1.2053160208779541e-07

In [14]:
# Two sided probability:
2 * prob_under

2.4106320417559082e-07

This means the mean is <b> not </b> equal to 98.6 degrees F!

Note that the normal approximation will also hold:

In [15]:
sps.norm.cdf(t_score)

2.4510785073006942e-08

###Question 3:
At what temperature should we consider someone's temperature to be "abnormal"?
Start by computing the margin of error and confidence interval.

In [18]:
sps.norm.interval(0.95, loc=mean, scale=math.sqrt(variance))

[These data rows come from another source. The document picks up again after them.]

lemma bracketed_reachable_swap:
  assumes "c = 2" "bracketed_reachable w i j"
  shows "\<exists>h \<le> Suc c. h \<noteq> i \<and> h \<noteq> j \<and> bracketed_reachable w h j"
proof -
  obtain v x w' where h: "v \<in> set w" "x \<in> set w" "rank (set w) v = i" "rank (set w) x = j"
    "bracketed (set w) v x w'" "w \<approx> w'"
    using assms(2) unfolding bracketed_reachable_def by blast
  obtain y w'' where y: "y \<in> set w" "y \<noteq> v" "y \<noteq> x" "bracketed (set w) y x w''" "w' \<approx> w''"
    using bracketed_swap[OF finite_card_set_w assms(1) h(5)] by blast
  have "rank (set w) y \<noteq> i" using rank_inj[OF finite_card_set_w(1) y(1) h(1)] y(2) h(3) by auto
  moreover have "rank (set w) y \<noteq> j" using rank_inj[OF finite_card_set_w(1) y(1) h(2)] y(3) h(4) by auto
  moreover have "bracketed_reachable w (rank (set w) y) j"
    unfolding bracketed_reachable_def using y h rot_equiv_trans by blast
  moreover have "rank (set w) y \<le> Suc c" using rank_less_card[OF finite_card_set_w(1) y(1)] finite_card_set_w(2) by simp
  ultimately show ?thesis by blast
qed

lemma normalizable_length_Suc_Suc_c:
  assumes "non_avoider m w"
  shows "normalizable w"
proof -
  obtain v x w' where h: "bracketed (set w) v x w'" "w \<approx> w'"
    using bracketed_of_non_avoider[OF finite_card_set_w distinct_w refl assms] by blast
  obtain u where "w' = v # u @ [x]" "hit u" "distinct w'" "set w' = set w"
    using h(1) by (rule bracketedE)
  then have v: "v \<in> set w" "x \<in> set w" "v \<noteq> x" by auto
  have start: "bracketed_reachable w (rank (set w) v) (rank (set w) x)"
    unfolding bracketed_reachable_def using h v by blast
  have bounds: "rank (set w) v \<le> Suc c" "rank (set w) x \<le> Suc c"
    using rank_less_card[OF finite_card_set_w(1)] v(1,2) finite_card_set_w(2) by (simp_all add: less_Suc_eq_le)
  have ne: "rank (set w) v \<noteq> rank (set w) x" using rank_inj[OF finite_card_set_w(1) v(1,2)] v(3) by auto
  have "\<exists>t \<le> 1. bracketed_reachable w t (Suc c)"
  proof (rule game_reaches_top)
    show "2 \<le> c" using one_less_c by simp
    show "bracketed_reachable w i' j"
      if "bracketed_reachable w i j" "i' \<le> Suc c" "i' \<noteq> j"
        "even (rank_without j i') = even (rank_without j i)" for i j i'
      using bracketed_reachable_move_first that .
    show "bracketed_reachable w i j'"
      if "bracketed_reachable w i j" "j' \<le> Suc c" "j' \<noteq> i"
        "even (rank_without i j') = even (rank_without i j)" for i j j'
      using bracketed_reachable_move_last that .
    show "\<exists>h \<le> Suc c. h \<noteq> i \<and> h \<noteq> j \<and> bracketed_reachable w h j"
      if "c = 2" "bracketed_reachable w i j" for i j
      using bracketed_reachable_swap that .
  qed (fact start bounds ne)+
  then obtain t where "t \<le> 1" "bracketed_reachable w t (Suc c)" by blast
  then obtain v x w' where top: "rank (set w) v = t" "rank (set w) x = Suc c"
    "bracketed (set w) v x w'" "w \<approx> w'"
    unfolding bracketed_reachable_def by blast
  have "normal_form (set w) t w'" using bracketed_normal_form[OF finite_card_set_w top(3,2)] top(1) by simp
  then show ?thesis using \<open>t \<le> 1\<close> top(4) unfolding normalizable_def by blast
qed

end
lemma gen_eigenspace_hyperbolic:
  assumes hp: "hyperbolic_pair a v w"
  shows "gen_eigenspace T a = span {v}"
proof
  have a: "a > 0" "a \<noteq> 1" and Tv: "T v = a *\<^sub>R v" and Tw: "T w = inverse a *\<^sub>R w"
    and vv: "B v v = 0" and ww: "B w w = 0" and vw: "B v w \<noteq> 0"
    using hp unfolding hyperbolic_pair_def by auto
  have a0: "a \<noteq> 0" using a by simp
  let ?g = "\<lambda>u. T u - a *\<^sub>R u"
  (* A generalised eigenvector orthogonal to v and w vanishes: induct on the nilpotency
     index; an honest eigenvector for a is null because a * a ~= 1, and a null vector
     orthogonal to the hyperbolic plane is zero. *)
  have orthogonal_vanishes: "(?g ^^ k) z = 0 \<Longrightarrow> B z v = 0 \<Longrightarrow> B z w = 0 \<Longrightarrow> z = 0" for k z
  proof (induction k arbitrary: z)
    case 0 then show ?case by simp
  next
    case (Suc k)
    have "(?g ^^ k) (?g z) = 0" using Suc.prems(1) by (simp add: funpow_Suc_right del: funpow.simps)
    moreover have "B (?g z) v = 0" "B (?g z) w = 0"
      using pairing_eigenvector[OF Tv a0] pairing_eigenvector[OF Tw] a0 Suc.prems by simp_all
    ultimately have "T z = a *\<^sub>R z" using Suc.IH by fastforce
    then have "B z z = (a * a) * B z z" using isometry[of z z] by simp
    then have "B z z = 0" using square_ne_one[OF a] by (metis mult_cancel_right1)
    with hyperbolic_complement_spacelike[OF vv ww vw Suc.prems(2,3)] show ?case by simp
  qed
  show "gen_eigenspace T a \<subseteq> span {v}"
  proof
    fix y assume "y \<in> gen_eigenspace T a"
    then have y0: "(?g ^^ CARD('n)) y = 0" unfolding gen_eigenspace_def by simp
    have "(inverse a - a) ^ CARD('n) * B y v = 0"
      using y0 pairing_shift_power[OF Tv a0, where m=a and k="CARD('n)" and y=y] by simp
    then have yv: "B y v = 0" using inverse_ne_self[OF a] by simp
    define c where "c = B y w / B v w"
    have "(?g ^^ CARD('n)) v = 0"
      using eigenvector_in_gen_eigenspace[OF Tv] unfolding gen_eigenspace_def by simp
    then have "(?g ^^ CARD('n)) (y - c *\<^sub>R v) = 0"
      using y0 linear_funpow[OF linear_shift[of a], of "CARD('n)"]
      by (simp add: linear_diff linear_cmul)
    moreover have "B (y - c *\<^sub>R v) v = 0" "B (y - c *\<^sub>R v) w = 0"
      using yv vv vw unfolding c_def by simp_all
    ultimately have "y = c *\<^sub>R v" using orthogonal_vanishes by fastforce
    then show "y \<in> span {v}" by (simp add: span_base span_scale)
  qed
  show "span {v} \<subseteq> gen_eigenspace T a"
    using span_minimal[OF _ subspace_gen_eigenspace] eigenvector_in_gen_eigenspace[OF Tv] by blast
qed
text \<open>If \<open>{h, k} \<in> (T* T)*\<close>, write \<open>h + k = f + p\<close> with \<open>{f, p} \<in> T* T\<close>; then \<open>d = h - f\<close> satisfies
  \<open>{d, -d} \<in> (T* T)*\<close>, and writing \<open>d\<close> itself as such a sum shows \<open>(d, d) = 0\<close>.\<close>

lemma selfadjoint_adj_prod:
  assumes lin: "linear_relation T" and cl: "closed T"
  shows "selfadjoint (rprod (adj T) T)"
proof -
  define A where "A = rprod (adj T) T"
  have sub: "A \<subseteq> adj A" unfolding A_def by (rule adj_prod_subset_adj)
  have "adj A \<subseteq> A"
  proof
    fix z assume z: "z \<in> adj A"
    obtain h k where hk: "z = (h, k)" by fastforce
    obtain f p where fp: "(f, p) \<in> A" and e: "h + k = f + p"
      using exists_adj_prod_sum[OF lin cl, of "h + k"] unfolding A_def by blast
    define d where "d = h - f"
    have "(h - f, k - p) \<in> adj A"
      using linear_relation_diff[OF linear_relation_adj] z hk fp sub by blast
    moreover have "k - p = - d" using e unfolding d_def by (simp add: algebra_simps)
    ultimately have dd: "(d, - d) \<in> adj A" unfolding d_def by simp
    obtain f' p' where fp': "(f', p') \<in> A" and d: "d = f' + p'"
      using exists_adj_prod_sum[OF lin cl, of d] unfolding A_def by blast
    have "cinner p' d = cinner f' (- d)" using dd fp' mem_adj_iff by blast
    hence "cinner (f' + p') d = 0" by (simp add: cinner_add_left cinner_minus_right)
    hence "cinner d d = 0" using d by simp
    hence "h = f" "k = p" using e unfolding d_def by auto
    thus "z \<in> A" using fp hk by simp
  qed
  thus ?thesis using sub unfolding selfadjoint_def A_def by blast
qed

lemma cinner_adj_prod:
  assumes "(f, g) \<in> T" "(g, p) \<in> adj T"
  shows "cinner p f = complex_of_real ((norm g)\<^sup>2)"
proof -
  have "cinner g g = cinner f p" using assms mem_adj_iff by blast
  hence "cinner p f = cinner g g" by (rule cinner_eq_commute[symmetric])
  thus ?thesis by (simp add: cinner_self)
qed

lemma bounded_below_by_rshift_adj_prod: "bounded_below_by (rshift c (rprod (adj T) T)) c"
  unfolding bounded_below_by_def
proof (clarify)
  fix x y assume "(x, y) \<in> rshift c (rprod (adj T) T)"
  then obtain g where xg: "(x, g) \<in> T" and gy: "(g, y - scaleC (complex_of_real c) x) \<in> adj T"
    unfolding rshift_iff rprod_iff by blast
  have "cinner y x = cinner (y - scaleC (complex_of_real c) x) x + complex_of_real c * cinner x x"
    by (simp add: cinner_diff_left cinner_scaleC_left)
  also have "\<dots> = complex_of_real ((norm g)\<^sup>2 + c * (norm x)\<^sup>2)"
    using cinner_adj_prod[OF xg gy] by (simp add: cinner_self)
  finally show "Im (cinner y x) = 0 \<and> c * (norm x)\<^sup>2 \<le> Re (cinner y x)" by simp
qed

section \<open>Regular parts\<close>

lemma csubspace_rmul: "linear_relation T \<Longrightarrow> csubspace (rmul T)"
  unfolding csubspace_def rmul_def
  using linear_relation_add linear_relation_scaleC linear_relation_zero
  by (metis add_0 scaleC_zero_right mem_Collect_eq)

lemma closed_rmul:
  fixes T :: "('a::chilbert \<times> 'b::chilbert) set"
  assumes "closed T" shows "closed (rmul T)"
proof -
  have "rmul T = (\<lambda>g. (0, g)) -` T" unfolding rmul_def by auto
  also have "closed \<dots>" by (rule continuous_closed_vimage[OF assms]) (intro continuous_intros)
  finally show ?thesis .
qed

context
  fixes T :: "('a::chilbert \<times> 'b::chilbert) set"
  assumes lin: "linear_relation T" and cl: "closed T"
begin

lemma mem_rreg_iff: "(f, g) \<in> rreg T \<longleftrightarrow> (f, g) \<in> T \<and> (\<forall>m\<in>rmul T. cinner g m = 0)"
proof
  let ?\<pi> = "oproj (rmul T)"
  note proj = oproj_orthogonal[OF csubspace_rmul[OF lin] closed_rmul[OF cl]]
  assume "(f, g) \<in> rreg T"
  then obtain g0 where g0: "(f, g0) \<in> T" and g: "g = g0 - ?\<pi> g0"
    unfolding rreg_def by blast
  have "(0, ?\<pi> g0) \<in> T" using proj[of g0] unfolding rmul_def by simp
  hence "(f - 0, g0 - ?\<pi> g0) \<in> T" using linear_relation_diff[OF lin g0] by blast
  thus "(f, g) \<in> T \<and> (\<forall>m\<in>rmul T. cinner g m = 0)" using g proj[of g0] by simp
next
  assume fg: "(f, g) \<in> T \<and> (\<forall>m\<in>rmul T. cinner g m = 0)"
  have "0 \<in> rmul T" using linear_relation_zero[OF lin] unfolding rmul_def by simp
  hence "oproj (rmul T) g = 0"
    using oproj_eqI[OF csubspace_rmul[OF lin] closed_rmul[OF cl]] fg by simp
  thus "(f, g) \<in> rreg T" unfolding rreg_def using fg by force
qed

lemma rreg_subset: "rreg T \<subseteq> T"
  using mem_rreg_iff by auto

lemma closed_rreg: "closed (rreg T)"
proof -
  have "rreg T = T \<inter> (\<Inter>m\<in>rmul T. {p. cinner (snd p) m = 0})"
    using mem_rreg_iff by auto
  also have "closed \<dots>"
    by (intro closed_Int cl closed_INT ballI closed_Collect_eq continuous_on_cinner continuous_intros)
  finally show ?thesis .
qed

lemma is_operator_rreg: "is_operator (rreg T)"
proof -
  have "linear_relation (rreg T)" unfolding linear_relation_def
    using linear_relation_add[OF lin] linear_relation_scaleC[OF lin] linear_relation_zero[OF lin]
    by (auto simp: mem_rreg_iff cinner_add_left cinner_scaleC_left)
  moreover have "rmul (rreg T) = {0}"
  proof -
    have "k = 0" if "(0, k) \<in> rreg T" for k
    proof -
      have "k \<in> rmul T" "\<forall>m\<in>rmul T. cinner k m = 0"
        using that unfolding mem_rreg_iff rmul_def by auto
      thus ?thesis using cinner_self_eq_0 by blast
    qed
    thus ?thesis using linear_relation_zero[OF lin] unfolding rmul_def by (auto simp: mem_rreg_iff)
  qed
  ultimately show ?thesis unfolding is_operator_def by blast
qed

text \<open>Passing to the regular part does not change \<open>T* T\<close>: \<open>dom T*\<close> is orthogonal to \<open>mul T\<close>.\<close>

lemma adj_prod_rreg: "rprod (adj (rreg T)) (rreg T) = rprod (adj T) T"
proof (rule set_eqI, clarify)
  fix f h
  let ?\<pi> = "oproj (rmul T)"
  note proj = oproj_orthogonal[OF csubspace_rmul[OF lin] closed_rmul[OF cl]]
  show "(f, h) \<in> rprod (adj (rreg T)) (rreg T) \<longleftrightarrow> (f, h) \<in> rprod (adj T) T"
  proof
    assume "(f, h) \<in> rprod (adj (rreg T)) (rreg T)"
    then obtain g where fg: "(f, g) \<in> rreg T" and gh: "(g, h) \<in> adj (rreg T)"
      unfolding rprod_iff by blast
    have "(g, h) \<in> adj T" unfolding mem_adj_iff
    proof (intro allI impI)
      fix f' g' assume fg': "(f', g') \<in> T"
      have "(f', g' - ?\<pi> g') \<in> rreg T" unfolding rreg_def using fg' by blast
      hence "cinner (g' - ?\<pi> g') g = cinner f' h" using gh mem_adj_iff by blast
      moreover have "cinner (?\<pi> g') g = 0"
        using fg proj[of g'] unfolding mem_rreg_iff
        by (auto intro: cinner_eq_commute[of g _ 0 0, simplified])
      ultimately show "cinner g' g = cinner f' h" by (simp add: cinner_diff_left)
    qed
    thus "(f, h) \<in> rprod (adj T) T" unfolding rprod_iff using fg rreg_subset by blast
  next
    assume "(f, h) \<in> rprod (adj T) T"
    then obtain g where fg: "(f, g) \<in> T" and gh: "(g, h) \<in> adj T"
      unfolding rprod_iff by blast
    have "cinner g m = 0" if "m \<in> rmul T" for m
      using adj_rdom_orthogonal_rmul[OF gh, of m] that unfolding rmul_def
      by (auto intro: cinner_eq_commute[of m g 0 0, simplified])
    hence "(f, g) \<in> rreg T" unfolding mem_rreg_iff using fg by blast
    moreover have "(g, h) \<in> adj (rreg T)" using gh adj_antimono[OF rreg_subset] by blast
    ultimately show "(f, h) \<in> rprod (adj (rreg T)) (rreg T)" unfolding rprod_iff by blast
  qed
qed

end

section \<open>The closed form of \<open>c + T* T\<close>\<close>

definition double_null :: "(nat \<Rightarrow> nat \<Rightarrow> real) \<Rightarrow> bool" where
  "double_null a \<longleftrightarrow> (\<forall>e>0. \<exists>N. \<forall>m\<ge>N. \<forall>n\<ge>N. a n m < e)"

lemma form_approx_iff:
  "form_approx t u x \<longleftrightarrow> (\<forall>n. u n \<in> fst t) \<and> u \<longlonglongrightarrow> x \<and>
     double_null (\<lambda>n m. cmod (snd t (u n - u m) (u n - u m)))"
  unfolding form_approx_def double_null_def ..

lemma double_null_bound:
  assumes a: "double_null a" and b: "double_null b" and c: "\<And>n m. c n m \<le> a n m + b n m"
  shows "double_null c"
  unfolding double_null_def
proof (intro allI impI)
  fix e :: real assume "e > 0"
  hence "e / 2 > 0" by simp
  then obtain N1 N2 where N1: "\<forall>m\<ge>N1. \<forall>n\<ge>N1. a n m < e / 2"
    and N2: "\<forall>m\<ge>N2. \<forall>n\<ge>N2. b n m < e / 2"
    using a b unfolding double_null_def by blast
  have "c n m < e" if "m \<ge> max N1 N2" "n \<ge> max N1 N2" for m n
  proof -
    have "a n m < e / 2" "b n m < e / 2" using N1 N2 that by auto
    thus ?thesis using c[of n m] by linarith
  qed
  thus "\<exists>N. \<forall>m\<ge>N. \<forall>n\<ge>N. c n m < e" by blast
qed

lemma double_null_scale:
  assumes a: "double_null a" and nonneg: "\<And>n m. 0 \<le> a n m" and r: "r \<ge> 0"
  shows "double_null (\<lambda>n m. r * a n m)"
  unfolding double_null_def
proof (intro allI impI)
  fix e :: real assume e: "e > 0"
  hence "e / (r + 1) > 0" using r by simp
  then obtain N where N: "\<forall>m\<ge>N. \<forall>n\<ge>N. a n m < e / (r + 1)"
    using a unfolding double_null_def by blast
  have "r * a n m < e" if "m \<ge> N" "n \<ge> N" for m n
  proof -
    have "r * a n m \<le> (r + 1) * a n m" using nonneg[of n m] by (simp add: algebra_simps)
    also have "\<dots> < e" using N that r by (simp add: pos_less_divide_eq mult.commute)
    finally show ?thesis .
  qed
  thus "\<exists>N. \<forall>m\<ge>N. \<forall>n\<ge>N. r * a n m < e" by blast
qed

(96.812218185398308, 99.68624335306319)

Note that this is not about the mean, but about a individual sample out of the total population. Below 96.8 and above 99.7 can be considered to be abnormal.  As practical guidelines, we can use 97 and 99 (safety first)

###Question 4:
Is there a significant difference between males and females in normal temperature?
Set up and solve for a two sample hypothesis testing.

In [21]:
df_mean = df.groupby(['gender']).mean()
df_mean

Unnamed: 0_level_0,temperature,heart_rate
gender,Unnamed: 1_level_1,Unnamed: 2_level_1
F,98.393846,74.153846
M,98.104615,73.369231


In [22]:
df_std = df.groupby(['gender']).std()
df_std

Unnamed: 0_level_0,temperature,heart_rate
gender,Unnamed: 1_level_1,Unnamed: 2_level_1
F,0.743488,8.105227
M,0.698756,5.875184


In [26]:
df_count = df.groupby(['gender']).size()
df_count

gender
F    65
M    65
dtype: int64

Hnull = MUf - MUm = 0
s = sqrt (sigmaf/Nf + sigmam/Nm)
df = min(Nf-1, Nm-1) {conservative}

In [29]:
df_std.temperature.F

0.74348775273483592

In [60]:
s = math.sqrt((df_std.temperature.F)**2 + df_std.temperature.M**2)/math.sqrt(df_count.F)
s

0.12655395041987005

In [61]:
diff_mean = df_mean.temperature.F - df_mean.temperature.M
diff_mean

0.28923076923072699

In [62]:
degfree = min(df_count-1)
degfree

64

In [63]:
minimum = diff_mean + sps.t(degfree).ppf(0.025)*s
minimum

0.036410189693441342

So it is likely that the temperatures are not the same, with an alpha of 0.05

A more efficient way...

In [51]:
Male_temps = df['temperature'][df.gender=='M']
Female_temps = df['temperature'][df.gender=='F']

In [54]:
sps.ttest_ind(Male_temps, Female_temps, equal_var=True)

Ttest_indResult(statistic=-2.2854345381656103, pvalue=0.023931883122395609)

This also suggests that we can reject the null hypothesis that the temperature of male and female is the same!